Code points and code units

When working with Unicode, there is more than just bytes and characters to deal with. You must also understand something about code points and code units. In Unicode, a code point is a numeric value corresponding to an entry in an encoding table. For example, 0x0061 is the code point for the letter "a". Code points are sometimes combined in order to form one character. The code point for the letter "a" can be combined with 0x0303, the code point corresponding to the tilde to form the character ã. The 0x0303 code point happens to represent a combining diacritical mark, meaning that it is always used to modify a character, never used standalone.

In Unicode, it's not only possible for multiple code points to represent one character, but one code point can represent many characters. If you find that confusing, don't feel bad—we do too.

While a code point represents a specific mapping of a character to a numeric value in an encoding table, a code unit refers to the actual representation of the code point. Take, for example, the Unicode code point 0x0061 representing the letter "a". The UTF-8 representation of that code point uses just one byte: 0x61. That one byte is a code unit. The UTF-16 representation, on the other hand, uses two bytes to represent the code point: 0x0061. Those two bytes together form one code unit. As you can see, the code unit size (i.e., the number of bytes in the code unit) varies depending on which form of Unicode is being used. Sometimes, a code point value is too large for the underlying code unit. In such cases, the code point is represented using two or more code units. For example, the code point 0x1D11E, which represents the musical symbol G clef (), is represented in UTF-16 using two code units: 0xD834 and 0xDD1E. Neither value represents a code point by itself—only together do the two code units represent a code point, and in this case the code point in turn represents a single character.

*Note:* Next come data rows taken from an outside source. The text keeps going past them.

text \<open>For an edge \<open>e = {a, b}\<close> (\<open>a < b\<close>) of \<open>H\<close> and a placement \<open>z\<close> of the other vertices, the
  product over the remaining edges splits into the edges avoiding \<open>b\<close>, a function of the image
  \<open>i\<close> of \<open>a\<close>, and the edges through \<open>b\<close>, a function of the image \<open>j\<close> of \<open>b\<close>; injectivity splits
  likewise. Clipping \<open>X\<close> to \<open>[0, 1]\<close> makes both factors bounded by \<open>1\<close> everywhere and changes
  nothing on \<open>Xf\<close>.\<close>
definition edge_factor_left ::
    "nat \<Rightarrow> nat set set \<Rightarrow> nat set \<Rightarrow> (nat set \<Rightarrow> real) \<Rightarrow> (nat \<Rightarrow> nat) \<Rightarrow> nat \<Rightarrow> real" where
  "edge_factor_left m E e X z i =
     (if inj_on z ({..<m} - e) \<and> i \<notin> z ` ({..<m} - e) then 1 else 0) *
     (\<Prod>f\<in>{f\<in>E - {e}. Max e \<notin> f}. clip_unit X (extend_map m (Min e) (Max e) z i 0 ` f))"

definition edge_factor_right ::
    "nat \<Rightarrow> nat set set \<Rightarrow> nat set \<Rightarrow> (nat set \<Rightarrow> real) \<Rightarrow> (nat \<Rightarrow> nat) \<Rightarrow> nat \<Rightarrow> real" where
  "edge_factor_right m E e X z j =
     (if j \<notin> z ` ({..<m} - e) then 1 else 0) *
     (\<Prod>f\<in>{f\<in>E - {e}. Max e \<in> f}. clip_unit X (extend_map m (Min e) (Max e) z 0 j ` f))"

lemma abs_prod_clip_unit_le: "\<bar>\<Prod>f\<in>A. clip_unit X (h f)\<bar> \<le> 1"
proof -
  have "0 \<le> clip_unit X e" "clip_unit X e \<le> 1" for e unfolding clip_unit_def by auto
  then show ?thesis by (simp add: prod_nonneg prod_le_1 abs_of_nonneg)
qed

lemma abs_edge_factor_left_le: "\<bar>edge_factor_left m E e X z i\<bar> \<le> 1"
  using abs_prod_clip_unit_le[of X "\<lambda>f. extend_map m (Min e) (Max e) z i 0 ` f" "{f\<in>E - {e}. Max e \<notin> f}"]
  unfolding edge_factor_left_def by (simp add: abs_mult)

lemma abs_edge_factor_right_le: "\<bar>edge_factor_right m E e X z j\<bar> \<le> 1"
  using abs_prod_clip_unit_le[of X "\<lambda>f. extend_map m (Min e) (Max e) z 0 j ` f" "{f\<in>E - {e}. Max e \<in> f}"]
  unfolding edge_factor_right_def by (simp add: abs_mult)

lemma prod_other_edges_eq_edge_factors:
  fixes X :: "nat set \<Rightarrow> real"
  assumes E: "E \<subseteq> pairs m" and e: "e \<in> E" and R: "R = {..<m} - e"
    and z: "inj_on z R" "i \<notin> z ` R" "j \<notin> z ` R"
    and q: "extend_map m (Min e) (Max e) z i j \<in> inj_maps m N"
    and X01: "\<forall>f\<in>pairs N. 0 \<le> X f \<and> X f \<le> 1"
  shows "(\<Prod>f\<in>E - {e}. X (extend_map m (Min e) (Max e) z i j ` f))
    = edge_factor_left m E e X z i * edge_factor_right m E e X z j"
proof -
  let ?q = "extend_map m (Min e) (Max e) z i j"
  have ab: "Min e \<noteq> Max e" "e = {Min e, Max e}" using pairs_Min_Max[of e m] E e by auto
  define A1 where "A1 = {f\<in>E - {e}. Max e \<notin> f}"
  define A2 where "A2 = {f\<in>E - {e}. Max e \<in> f}"
  have clip: "clip_unit X (?q ` f) = X (?q ` f)" if "f \<in> E" for f
    using image_pairs_elem_in_pairs[OF q] that E X01 unfolding clip_unit_def by fastforce
  have "(\<Prod>f\<in>A1. clip_unit X (extend_map m (Min e) (Max e) z i 0 ` f)) = (\<Prod>f\<in>A1. X (?q ` f))"
  proof (rule prod.cong[OF refl])
    fix f assume f: "f \<in> A1"
    then have "extend_map m (Min e) (Max e) z i 0 ` f = ?q ` f"
      unfolding A1_def extend_map_def by (intro image_cong) auto
    then show "clip_unit X (extend_map m (Min e) (Max e) z i 0 ` f) = X (?q ` f)"
      using clip f unfolding A1_def by auto
  qed
  moreover have "(\<Prod>f\<in>A2. clip_unit X (extend_map m (Min e) (Max e) z 0 j ` f)) = (\<Prod>f\<in>A2. X (?q ` f))"
  proof (rule prod.cong[OF refl])
    fix f assume f: "f \<in> A2"
    have "Min e \<notin> f"
    proof
      assume "Min e \<in> f"
      then have "f = e" using pairs_elem_eq_doubleton[of f m "Min e" "Max e"] f E ab unfolding A2_def by auto
      then show False using f unfolding A2_def by auto
    qed
    then have "extend_map m (Min e) (Max e) z 0 j ` f = ?q ` f"
      unfolding extend_map_def by (intro image_cong) auto
    then show "clip_unit X (extend_map m (Min e) (Max e) z 0 j ` f) = X (?q ` f)"
      using clip f unfolding A2_def by auto
  qed
  moreover have "E - {e} = A1 \<union> A2" "A1 \<inter> A2 = {}" "finite A1" "finite A2"
    unfolding A1_def A2_def using E finite_pairs finite_subset by (auto intro: finite_subset)
  ultimately show ?thesis
    using z unfolding edge_factor_left_def edge_factor_right_def A1_def[symmetric] A2_def[symmetric]
      R[symmetric] by (simp add: prod.union_disjoint)
qed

The distinction between bytes, characters, code points, and code units becomes important when you work with string functions such as LENGTH and INSTR. When you want the length of a string, do you want it in terms of bytes, characters, code points, or code units? Oracle9i supports variations of these functions that allow you to choose the semantics that you wish to use for a given invocation; for example, you can useLENGTHC to look at the length of a string in terms of the number of Unicode characters it holds. Certain Unicode characters can be represented in multiple ways. In UTF-16, the character ã can be represented as the single code point 0x00E3 or as the two code points 0x0061 and 0x0303. The standard LENGTH function will see the two code points as two characters. The LENGTHC function will recognize that 0x0061 followed by 0x0303 represents only a single character.

Unicode has many subtle facets. We've been told there may be unusual cases where a single Unicode character could be interpreted as multiple characters by a person who speaks the language in question. Because of subtle issues like this one, we strongly recommend that you become familiar with the resources at http://unicode.org if you work with Unicode.

In addition to LENGTH and LENGTHC, you should also considerLENGTH2 and LENGTH4. LENGTH2 counts the number of code units in a string, and LENGTH4 counts the number of code points in a string. This is why it's important to understand the distinction between code units and code points. Other character string functions, such as SUBSTR and INSTR, also have the same variations as LENGTH.

In Oracle's documentation you'll see references to UCS-2 and UCS-4. These acronyms are where the 2 and 4 in LENGTH2 and LENGTH4 come from. Originally defined by an ISO standard that mirrored the Unicode specification, the UCS-2 and UCS-4 acronyms are now obsolete. Whenever you see UCS-2, think code unit. Whenever you see UCS-4, think code point.